Розлилися крутi бережочки, гей, гей, по роздоллi,
пожурились славнi козаченьки, гей, гей, у неволi.
Гей ви хлопцi, ви добрi молодцi, гей, гей не журiться,
посiдлайтi конi воронiï, гей, гей, садовiться!..
Все детские игры и встречи и заманчивые хождения к Калинычу должны были прекратиться, когда вернулись Базилевские, проводившие царицу до Екатеринослава. Вернулись они еще более важными и напыщенными: царица наградила и того и другого чином надворного советника. Когда же на балу, устроенном в честь приезда на поклон польского короля Станислава Понятовского, влюбленного в Екатерину, кто-то шепнул ей, что Базилевские окончили университет в Геттингене, царица удостоила братьев особым вниманием и обещала вызвать в Петербург для государственной работы. Обласканные высочайшей милостью, Степан Федорович и Иван Федорович стали мнить о себе как о существах необыкновенных, и в обращении со своими слугами сделались еще круче и требовательней, упрямо проявляя на каждом шагу высокомерие и капризную заносчивость.

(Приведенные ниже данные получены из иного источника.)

text \<open>
  Write points of the disk in polar form \<open>r e\<^sup>i\<^sup>a\<close>. For two points with fixed radii
  \<open>r\<^sub>1, r\<^sub>2 < 1\<close>, the spherical distance of their preimages under the stereographic
  projection is \<open>F t = arccos (c + B cos t)\<close>, where \<open>t\<close> is the angular distance of the
  arguments and \<open>c, B \<ge> 0\<close>, \<open>c + B \<le> 1\<close> depend only on the radii. The map \<open>\<psi>\<close> keeps
  the radii and replaces \<open>t\<close> by the angular distance \<open>t'\<close> of the images under \<open>G\<close>,
  which satisfies \<open>t' \<le> L t\<close> and \<open>t \<le> L t'\<close> because \<open>g\<close> is \<open>L\<close>-bi-Lipschitz on the
  equator. Hence it suffices that \<open>F\<close> is nondecreasing and \<open>F t / t\<close> is nonincreasing
  on \<open>(0, \<pi>]\<close>. The latter amounts to \<open>B t sin t \<le> F t sin (F t)\<close>, which follows from
  the monotonicity of \<open>x cot x\<close>.
\<close>

lemma x_cot_x_antimono:
  fixes x y :: real
  assumes "0 < x" "x \<le> y" "y < pi"
  shows "y * cos y / sin y \<le> x * cos x / sin x"
proof -
  have "(\<lambda>z. z * cos z / sin z) y \<le> (\<lambda>z. z * cos z / sin z) x"
  proof (rule DERIV_nonpos_imp_nonincreasing[OF assms(2)])
    fix z assume z: "x \<le> z" "z \<le> y"
    have sin_pos: "sin z > 0" using z assms by (intro sin_gt_zero) auto
    have pythagoras: "z * (cos z * cos z) + z * (sin z * sin z) = z"
      using sin_cos_squared_add[of z] by (simp add: power2_eq_square flip: distrib_left)
    have "((\<lambda>z. z * cos z / sin z) has_real_derivative (sin z * cos z - z) / (sin z * sin z)) (at z)"
      using sin_pos by (auto intro!: derivative_eq_intros simp: field_simps pythagoras)
    moreover have "sin z * cos z \<le> z"
      using sin_x_le_x[of "2*z"] z assms by (simp add: sin_double)
    ultimately show "\<exists>d. ((\<lambda>z. z * cos z / sin z) has_real_derivative d) (at z) \<and> d \<le> 0"
      by (meson diff_le_0_iff_le divide_nonpos_nonneg mult_nonneg_nonneg less_imp_le sin_pos)
  qed
  then show ?thesis by simp
qed

lemma one_plus_cos_div_sin_eq_half_cot:
  fixes z :: real
  assumes "cos (z/2) \<noteq> 0"
  shows "(1 + cos z) / sin z = cos (z/2) / sin (z/2)"
proof -
  have "1 + cos z = 2 * cos (z/2) * cos (z/2)"
    using cos_double_cos[of "z/2"] by (simp add: power2_eq_square)
  moreover have "sin z = 2 * sin (z/2) * cos (z/2)"
    using sin_double[of "z/2"] by simp
  ultimately show ?thesis using assms by simp
qed

lemma x_half_cot_antimono:
  fixes x y :: real
  assumes "0 < x" "x \<le> y" "y < pi"
  shows "y * (1 + cos y) / sin y \<le> x * (1 + cos x) / sin x"
proof -
  have half_cot: "z * (1 + cos z) / sin z = 2 * ((z/2) * cos (z/2) / sin (z/2))"
    if "0 < z" "z < pi" for z :: real
  proof -
    have "cos (z/2) \<noteq> 0" using that by (intro order.strict_implies_not_eq[symmetric] cos_gt_zero_pi) auto
    then show ?thesis using one_plus_cos_div_sin_eq_half_cot[of z] by (simp flip: times_divide_eq_right)
  qed
  have "(y/2) * cos (y/2) / sin (y/2) \<le> (x/2) * cos (x/2) / sin (x/2)"
    using assms by (intro x_cot_x_antimono) auto
  moreover have "y * (1 + cos y) / sin y = 2 * ((y/2) * cos (y/2) / sin (y/2))"
    and "x * (1 + cos x) / sin x = 2 * ((x/2) * cos (x/2) / sin (x/2))"
    using assms half_cot[of x] half_cot[of y] by auto
  ultimately show ?thesis by linarith
qed

locale arccos_profile =
  fixes c B :: real
  assumes c_nonneg: "c \<ge> 0" and B_pos: "B > 0" and c_plus_B_le_1: "c + B \<le> 1"
begin

definition F :: "real \<Rightarrow> real" where "F t = arccos (c + B * cos t)"

lemma arg_bounds: "-1 \<le> c + B * cos t" "c + B * cos t \<le> 1"
proof -
  have "- B \<le> B * cos t" "B * cos t \<le> B"
    using B_pos mult_left_mono[OF cos_ge_minus_one[of t], of B] mult_left_mono[OF cos_le_one[of t], of B]
    by simp_all
  then show "-1 \<le> c + B * cos t" "c + B * cos t \<le> 1" using c_nonneg c_plus_B_le_1 by linarith+
qed

lemma arg_strict_bounds:
  assumes "0 < t" "t < pi"
  shows "-1 < c + B * cos t" "c + B * cos t < 1"
proof -
  have "-1 < cos t" "cos t < 1"
    using assms cos_monotone_0_pi[of 0 t] cos_monotone_0_pi[of t pi] by auto
  then have "- B < B * cos t" "B * cos t < B"
    using B_pos mult_strict_left_mono[of "-1" "cos t" B] mult_strict_left_mono[of "cos t" 1 B]
    by simp_all
  then show "-1 < c + B * cos t" "c + B * cos t < 1" using c_nonneg c_plus_B_le_1 by linarith+
qed

lemma cos_F: "cos (F t) = c + B * cos t"
  unfolding F_def using arg_bounds by (simp add: cos_arccos)

lemma sin_F: "sin (F t) = sqrt (1 - (c + B * cos t)\<^sup>2)"
  unfolding F_def using arg_bounds by (simp add: sin_arccos)

lemma F_bounds: "0 \<le> F t" "F t \<le> pi"
  unfolding F_def using arg_bounds by (auto intro: arccos_lbound arccos_ubound)

lemma F_strict_bounds:
  assumes "0 < t" "t < pi"
  shows "sin (F t) > 0" "0 < F t" "F t < pi"
proof -
  have "(c + B * cos t)\<^sup>2 < 1"
    using arg_strict_bounds[OF assms] by (simp add: abs_square_less_1)
  then show "sin (F t) > 0" by (simp add: sin_F)
  then show "0 < F t" "F t < pi" using F_bounds[of t] by (auto intro: ccontr)
qed

lemma has_real_derivative_F:
  assumes "0 < t" "t < pi"
  shows "(F has_real_derivative (B * sin t / sin (F t))) (at t)"
proof -
  have inner_deriv: "((\<lambda>t. c + B * cos t) has_real_derivative (B * - sin t)) (at t)"
    by (auto intro!: derivative_eq_intros)
  have "((\<lambda>t. arccos (c + B * cos t)) has_real_derivative
          inverse (- sqrt (1 - (c + B * cos t)\<^sup>2)) * (B * - sin t)) (at t)"
    by (rule DERIV_chain2[OF DERIV_arccos[OF arg_strict_bounds[OF assms]] inner_deriv])
  moreover have "inverse (- sqrt (1 - (c + B * cos t)\<^sup>2)) * (B * - sin t) = B * sin t / sin (F t)"
    by (simp add: sin_F field_simps)
  ultimately show ?thesis unfolding F_def[abs_def] by simp
qed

Сергуньке часто доставались затрещины чубуками, палками, а от окриков он часто начинал дрожать – и все сильней и горячей стал тосковать по отце.
Колубайко вернулся только осенью, после Покрова дня. Исхудал за дорогу, осунулся, но глаза у него весело блестели: дело освобождения от Базилевских пошло на лад. Рассказал, с какими приключениями и трудностями они с Золотаревским добрались до Петербурга, как долго обивали пороги сената, как напали случайно на хорошего душевного человека, который научил их, как и что нужно делать.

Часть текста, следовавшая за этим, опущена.